RECORD EXCERPTS ::
(* Let $p\geq 2$ be an integer, and for integers $i\ge 0$ and $0\le r\le p-1$ set \[ \theta(i,r)=\frac{p i^2+(p+2r+2)i+2r+2}{(ip+r+1)(ip+p+r+1)(ip+r+2)(ip+p+r)} . \] Then \[ c_0\!\left(\frac{1}{p}\right)=\frac{p(p-1)(p-2)}{2\pi}\sum_{i\geq 0}\sum_{r=0}^{p-1}\theta(i,r). \]
   Context: For a positive integer $p$ and an integer $q$ with $1\le q\le p-1$ and $\gcd(p,q)=1$, the cotangent sum is $c_0\!\left(\frac{q}{p}\right)=-\sum_{k=1}^{p-1}\frac{k}{p}\cot\frac{\pi k q}{p}$. *)

theory Defs
  imports "HOL-Analysis.Analysis"
begin

definition c0 :: "nat \<Rightarrow> nat \<Rightarrow> real" where
  "c0 q p = - (\<Sum>k = 1..p - 1. (real k / real p) * cot (pi * real k * real q / real p))"

definition theta :: "nat \<Rightarrow> nat \<Rightarrow> nat \<Rightarrow> real" where
  "theta p i r =
     (real p * real i ^ 2 + (real p + 2 * real r + 2) * real i + 2 * real r + 2) /
     ((real i * real p + real r + 1) * (real i * real p + real p + real r + 1) *
      (real i * real p + real r + 2) * (real i * real p + real p + real r))"

end

theory Submission
  imports Defs
begin

text \<open>
  The reflection formula for the digamma function gives the partial fraction expansion
  \<open>\<pi> cot (\<pi> x) = \<Sum>\<^sub>n (1 / (x + n) - 1 / (1 - x + n))\<close>, so \<open>\<pi> c\<^sub>0(1/p)\<close> is a series in \<open>n\<close>
  whose terms are combinations of the reciprocals \<open>1 / (n p + k)\<close>.  Splitting \<open>\<theta>(i, r)\<close> into
  partial fractions, its sum over \<open>r < p\<close> is expressed through the block sums
  \<open>\<Sum>\<^sub>r 1 / (i p + r + 1)\<close> and \<open>\<Sum>\<^sub>r 1 / ((i + 1) p + r + 1)\<close>.  Comparing, the \<open>i\<close>-th block
  of the \<open>\<theta>\<close>-series, scaled by \<open>p (p - 1) (p - 2) / 2\<close>, equals the \<open>i\<close>-th term of the
  cotangent series up to a telescoping difference of a potential whose limit at infinity is its
  value at \<open>0\<close>.
\<close>

lemma Digamma_reflection_complex:
  fixes z :: complex
  assumes "z \<notin> \<int>"
  shows "Digamma (1 - z) - Digamma z = of_real pi * cot (of_real pi * z)"
proof -
  have poles: "z \<notin> \<int>\<^sub>\<le>\<^sub>0" "1 - z \<notin> \<int>\<^sub>\<le>\<^sub>0"
    using assms Ints_diff[of 1 "1 - z"] nonpos_Ints_subset_Ints by auto
  have sin: "sin (of_real pi * z) \<noteq> 0"
    using assms by (auto simp: sin_eq_0)
  have "((\<lambda>z. Gamma z * Gamma (1 - z)) has_field_derivative
          Gamma z * Gamma (1 - z) * (Digamma z - Digamma (1 - z))) (at z)"
    using poles by (auto intro!: derivative_eq_intros simp: algebra_simps)
  moreover have "((\<lambda>z. Gamma z * Gamma (1 - z)) has_field_derivative
          Gamma z * Gamma (1 - z) * - (of_real pi * cot (of_real pi * z))) (at z)"
    unfolding Gamma_reflection_complex using sin
    by (auto intro!: derivative_eq_intros simp: cot_def power2_eq_square field_simps)
  ultimately have "Gamma z * Gamma (1 - z) * (Digamma z - Digamma (1 - z))
      = Gamma z * Gamma (1 - z) * - (of_real pi * cot (of_real pi * z))"
    by (rule DERIV_unique)
  moreover have "Gamma z * Gamma (1 - z) \<noteq> 0"
    using sin by (simp add: Gamma_reflection_complex)
  ultimately have "Digamma z - Digamma (1 - z) = - (of_real pi * cot (of_real pi * z))"
    by (metis mult_left_cancel)
  thus ?thesis
    by (simp add: algebra_simps)
qed

lemma Digamma_reflection_real:
  fixes x :: real
  assumes "0 < x" "x < 1"
  shows "Digamma (1 - x) - Digamma x = pi * cot (pi * x)"
proof -
  have "x \<notin> \<int>"
    using assms by (auto elim!: Ints_cases)
  hence "complex_of_real (Digamma (1 - x) - Digamma x) = of_real (pi * cot (pi * x))"
    using Digamma_reflection_complex[of "of_real x"] assms
    by (simp add: Polygamma_of_real [symmetric] cot_of_real)
  thus ?thesis
    by (simp only: of_real_eq_iff)
qed

lemma cot_partial_fractions_LIMSEQ:
  fixes x :: real
  assumes "0 < x" "x < 1"
  shows "(\<lambda>m. \<Sum>n<m. 1 / (x + real n) - 1 / (1 - x + real n)) \<longlonglongrightarrow> pi * cot (pi * x)"
proof -
  have "(\<lambda>m. (ln (real m) - (\<Sum>n<m. inverse (1 - x + real n)))
             - (ln (real m) - (\<Sum>n<m. inverse (x + real n))))
        \<longlonglongrightarrow> Digamma (1 - x) - Digamma x"
    using assms Digamma_LIMSEQ[of x] Digamma_LIMSEQ[of "1 - x"] by (intro tendsto_diff) auto
  thus ?thesis
    by (simp add: Digamma_reflection_real[OF assms] sum_subtractf inverse_eq_divide)
qed

definition c0_series_term :: "nat \<Rightarrow> nat \<Rightarrow> real" where
  "c0_series_term p n =
     (\<Sum>k = 1..p - 1. real k / (real n * real p + real p - real k) - real k / (real n * real p + real k))"

lemma c0_series_LIMSEQ: "(\<lambda>N. \<Sum>n<N. c0_series_term p n) \<longlonglongrightarrow> pi * c0 1 p"
proof -
  have summand: "real k / real p * - (1 / (real k / real p + real n) - 1 / (1 - real k / real p + real n))
      = real k / (real n * real p + real p - real k) - real k / (real n * real p + real k)"
    if "k \<in> {1..p - 1}" for k n
  proof -
    from that have "1 \<le> real k" "real k < real p" "0 < real p"
      by auto
    moreover have "0 \<le> real n * real p"
      by simp
    ultimately have pos: "0 < real n * real p + real k" "0 < real n * real p + real p - real k"
      by linarith+
    have inv: "1 / (real k / real p + real n) = real p / (real n * real p + real k)"
      "1 / (1 - real k / real p + real n) = real p / (real n * real p + real p - real k)"
      using pos \<open>0 < real p\<close> by (simp_all add: field_simps)
    show ?thesis
      unfolding inv using \<open>0 < real p\<close> by (simp add: right_diff_distrib)
  qed
  have "(\<lambda>N. \<Sum>k = 1..p - 1. real k / real p *
           - (\<Sum>n<N. 1 / (real k / real p + real n) - 1 / (1 - real k / real p + real n)))
        \<longlonglongrightarrow> (\<Sum>k = 1..p - 1. real k / real p * - (pi * cot (pi * (real k / real p))))"
    by (intro tendsto_intros cot_partial_fractions_LIMSEQ) auto
  moreover have "(\<Sum>k = 1..p - 1. real k / real p * - (pi * cot (pi * (real k / real p)))) = pi * c0 1 p"
    by (simp add: c0_def sum_distrib_left sum_negf mult_ac)
  moreover have "(\<Sum>k = 1..p - 1. real k / real p *
           - (\<Sum>n<N. 1 / (real k / real p + real n) - 1 / (1 - real k / real p + real n)))
      = (\<Sum>n<N. c0_series_term p n)" for N
    unfolding c0_series_term_def
    by (simp only: sum_distrib_left sum_negf[symmetric] mult_minus_right[symmetric] summand
        sum.swap[of _ "{..<N}"] cong: sum.cong)
  ultimately show ?thesis
    by simp
qed

lemma sum_lessThan_shift_Suc:
  fixes f :: "nat \<Rightarrow> 'a :: ab_group_add"
  shows "(\<Sum>r<n. f (Suc r)) = (\<Sum>r<n. f r) - f 0 + f n"
  using sum.lessThan_Suc_shift[of f n] sum.lessThan_Suc[of f n] by (simp add: algebra_simps)

definition block_harm :: "nat \<Rightarrow> nat \<Rightarrow> real" where
  "block_harm p i = (\<Sum>r<p. 1 / (real i * real p + real r + 1))"

lemma c0_series_term_block_harm:
  assumes "0 < p"
  shows "c0_series_term p i = (2 * real i * real p + real p) * block_harm p i - 2 * real p + 1 / (real i + 1)"
proof -
  define x where "x = real i * real p"
  have "0 \<le> x"
    by (simp add: x_def)
  with assms have "x + real p \<noteq> 0"
    by linarith
  have "{..<p} = insert 0 {1..p - 1}"
    using assms by auto
  hence "c0_series_term p i = (\<Sum>k<p. real k / (x + real p - real k)) - (\<Sum>k<p. real k / (x + real k))"
    by (simp add: c0_series_term_def x_def sum_subtractf)
  also have "(\<Sum>k<p. real k / (x + real p - real k)) = (\<Sum>j<p. (real p - real j - 1) / (x + real j + 1))"
    by (subst sum.nat_diff_reindex[symmetric]) (simp add: of_nat_diff algebra_simps)
  also have "(\<Sum>k<p. real k / (x + real k)) = (\<Sum>j<p. (real j + 1) / (x + real j + 1)) - real p / (x + real p)"
    using sum_lessThan_shift_Suc[of "\<lambda>k. real k / (x + real k)" p] by (simp add: algebra_simps)
  also have "(\<Sum>j<p. (real p - real j - 1) / (x + real j + 1))
      - ((\<Sum>j<p. (real j + 1) / (x + real j + 1)) - real p / (x + real p))
      = (\<Sum>j<p. (2 * x + real p) * (1 / (x + real j + 1)) - 2) + real p / (x + real p)"
  proof -
    have "(real p - real j - 1) / (x + real j + 1) - (real j + 1) / (x + real j + 1)
        = (2 * x + real p) * (1 / (x + real j + 1)) - 2" for j
    proof -
      have "x + real j + 1 \<noteq> 0"
        using \<open>0 \<le> x\<close> by linarith
      thus ?thesis
        by (simp add: diff_divide_distrib[symmetric] divide_simps)
    qed
    thus ?thesis
      by (simp add: sum_subtractf[symmetric])
  qed
  also have "\<dots> = (2 * x + real p) * block_harm p i - 2 * real p + 1 / (real i + 1)"
    using \<open>x + real p \<noteq> 0\<close> by (simp add: block_harm_def x_def sum_subtractf sum_distrib_left field_simps)
  finally show ?thesis
    by (simp add: x_def)
qed

lemma theta_partial_fractions:
  fixes P I Q d1 d2 d3 d4 :: real
  assumes d1: "d1 = I * P + Q + 1" and d2: "d2 = I * P + P + Q + 1"
    and d3: "d3 = I * P + Q + 2" and d4: "d4 = I * P + P + Q"
    and nz: "d1 \<noteq> 0" "d2 \<noteq> 0" "d3 \<noteq> 0" "d4 \<noteq> 0"
  shows "P * (P - 1) * (P - 2) / 2 * ((P * I\<^sup>2 + (P + 2 * Q + 2) * I + 2 * Q + 2) / (d1 * d2 * d3 * d4))
     = P * (P - 2) / 2 * (- I * (I + 1)) * (1 / d1) + P * (P - 2) / 2 * ((I + 1) * (I + 2)) * (1 / d2)
     + P / 2 * (I + 1) * (P * I + 2) * (1 / d3) + P / 2 * (I + 1) * (2 - 2 * P - P * I) * (1 / d4)"
  using nz by (simp add: field_simps) (use d1 d2 d3 d4 in algebra)

text \<open>The reciprocals (and \<open>1 / 2\<close>) are the variables \<open>x1, \<dots>, y, h\<close>, so that the identity
  is a polynomial consequence of the hypotheses, which \<open>algebra\<close> decides by a Groebner basis
  computation.\<close>

lemma theta_telescoping_identity:
  fixes P I a b x1 x2 x3 x4 y h :: real
  assumes "x1 * (I * P + 1) = 1" "x2 * (I * P + P + 1) = 1" "x3 * (I * P + P) = 1"
    "x4 * (I * P + 2 * P) = 1" "y * (I + 2) = 1" "h * 2 = 1"
  shows "P * (P - 2) * h * (- I * (I + 1)) * a + P * (P - 2) * h * ((I + 1) * (I + 2)) * b
     + P * h * (I + 1) * (P * I + 2) * (a - x1 + x2)
     + P * h * (I + 1) * (2 - 2 * P - P * I) * (b + x3 - x4)
   = (2 * I * P + P) * a - 2 * P
     + (P * I\<^sup>2 * a - P * I - (P - 1) * h * x1)
     - (P * (I + 1)\<^sup>2 * b - P * (I + 1) - y - (P - 1) * h * x2)"
  using assms by algebra

definition theta_potential :: "nat \<Rightarrow> nat \<Rightarrow> real" where
  "theta_potential p i = real p * real i ^ 2 * block_harm p i - real p * real i - 1 / (real i + 1)
     - (real p - 1) / 2 * (1 / (real i * real p + 1))"

lemma sum_theta_block_harm:
  fixes p i :: nat
  defines "P \<equiv> real p" and "I \<equiv> real i"
  assumes "0 < p"
  shows "P * (P - 1) * (P - 2) / 2 * (\<Sum>r<p. theta p i r)
     = P * (P - 2) / 2 * (- I * (I + 1)) * block_harm p i
     + P * (P - 2) / 2 * ((I + 1) * (I + 2)) * block_harm p (Suc i)
     + P / 2 * (I + 1) * (P * I + 2) * (block_harm p i - 1 / (I * P + 1) + 1 / (I * P + P + 1))
     + P / 2 * (I + 1) * (2 - 2 * P - P * I) * (block_harm p (Suc i) + 1 / (I * P + P) - 1 / (I * P + 2 * P))"
proof -
  have "0 < P" "0 \<le> I * P"
    using assms by (simp_all add: P_def I_def)
  have pf: "P * (P - 1) * (P - 2) / 2 * theta p i r
     = P * (P - 2) / 2 * (- I * (I + 1)) * (1 / (I * P + real r + 1))
     + P * (P - 2) / 2 * ((I + 1) * (I + 2)) * (1 / (I * P + P + real r + 1))
     + P / 2 * (I + 1) * (P * I + 2) * (1 / (I * P + real r + 2))
     + P / 2 * (I + 1) * (2 - 2 * P - P * I) * (1 / (I * P + P + real r))" for r
    unfolding theta_def P_def [symmetric] I_def [symmetric]
    using \<open>0 < P\<close> \<open>0 \<le> I * P\<close> by (intro theta_partial_fractions) auto
  have sum1: "(\<Sum>r<p. 1 / (I * P + real r + 1)) = block_harm p i"
    unfolding block_harm_def P_def I_def ..
  have sum2: "(\<Sum>r<p. 1 / (I * P + P + real r + 1)) = block_harm p (Suc i)"
    unfolding block_harm_def P_def I_def by (simp add: algebra_simps)
  have sum3: "(\<Sum>r<p. 1 / (I * P + real r + 2)) = block_harm p i - 1 / (I * P + 1) + 1 / (I * P + P + 1)"
    using sum_lessThan_shift_Suc[of "\<lambda>r. 1 / (I * P + real r + 1)" p]
    unfolding block_harm_def P_def I_def by (simp add: algebra_simps)
  have sum4: "(\<Sum>r<p. 1 / (I * P + P + real r)) = block_harm p (Suc i) + 1 / (I * P + P) - 1 / (I * P + 2 * P)"
    using sum_lessThan_shift_Suc[of "\<lambda>r. 1 / (I * P + P + real r)" p]
    unfolding block_harm_def P_def I_def by (simp add: algebra_simps)
  have "P * (P - 1) * (P - 2) / 2 * (\<Sum>r<p. theta p i r)
     = P * (P - 2) / 2 * (- I * (I + 1)) * (\<Sum>r<p. 1 / (I * P + real r + 1))
     + P * (P - 2) / 2 * ((I + 1) * (I + 2)) * (\<Sum>r<p. 1 / (I * P + P + real r + 1))
     + P / 2 * (I + 1) * (P * I + 2) * (\<Sum>r<p. 1 / (I * P + real r + 2))
     + P / 2 * (I + 1) * (2 - 2 * P - P * I) * (\<Sum>r<p. 1 / (I * P + P + real r))"
    by (simp only: sum_distrib_left pf sum.distrib)
  thus ?thesis
    unfolding sum1 sum2 sum3 sum4 .
qed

AIM OF THE EXERCISE :: Precisely reproduce the lines of the entries, beginning at the first and ending at the one containing "partial fractions, its". Add nothing.

TASK ANSWER ::
(* Let $p\geq 2$ be an integer, and for integers $i\ge 0$ and $0\le r\le p-1$ set \[ \theta(i,r)=\frac{p i^2+(p+2r+2)i+2r+2}{(ip+r+1)(ip+p+r+1)(ip+r+2)(ip+p+r)} . \] Then \[ c_0\!\left(\frac{1}{p}\right)=\frac{p(p-1)(p-2)}{2\pi}\sum_{i\geq 0}\sum_{r=0}^{p-1}\theta(i,r). \]
   Context: For a positive integer $p$ and an integer $q$ with $1\le q\le p-1$ and $\gcd(p,q)=1$, the cotangent sum is $c_0\!\left(\frac{q}{p}\right)=-\sum_{k=1}^{p-1}\frac{k}{p}\cot\frac{\pi k q}{p}$. *)

theory Defs
  imports "HOL-Analysis.Analysis"
begin

definition c0 :: "nat \<Rightarrow> nat \<Rightarrow> real" where
  "c0 q p = - (\<Sum>k = 1..p - 1. (real k / real p) * cot (pi * real k * real q / real p))"

definition theta :: "nat \<Rightarrow> nat \<Rightarrow> nat \<Rightarrow> real" where
  "theta p i r =
     (real p * real i ^ 2 + (real p + 2 * real r + 2) * real i + 2 * real r + 2) /
     ((real i * real p + real r + 1) * (real i * real p + real p + real r + 1) *
      (real i * real p + real r + 2) * (real i * real p + real p + real r))"

end

theory Submission
  imports Defs
begin

text \<open>
  The reflection formula for the digamma function gives the partial fraction expansion
  \<open>\<pi> cot (\<pi> x) = \<Sum>\<^sub>n (1 / (x + n) - 1 / (1 - x + n))\<close>, so \<open>\<pi> c\<^sub>0(1/p)\<close> is a series in \<open>n\<close>
  whose terms are combinations of the reciprocals \<open>1 / (n p + k)\<close>.  Splitting \<open>\<theta>(i, r)\<close> into
  partial fractions, its sum over \<open>r < p\<close> is expressed through the block sums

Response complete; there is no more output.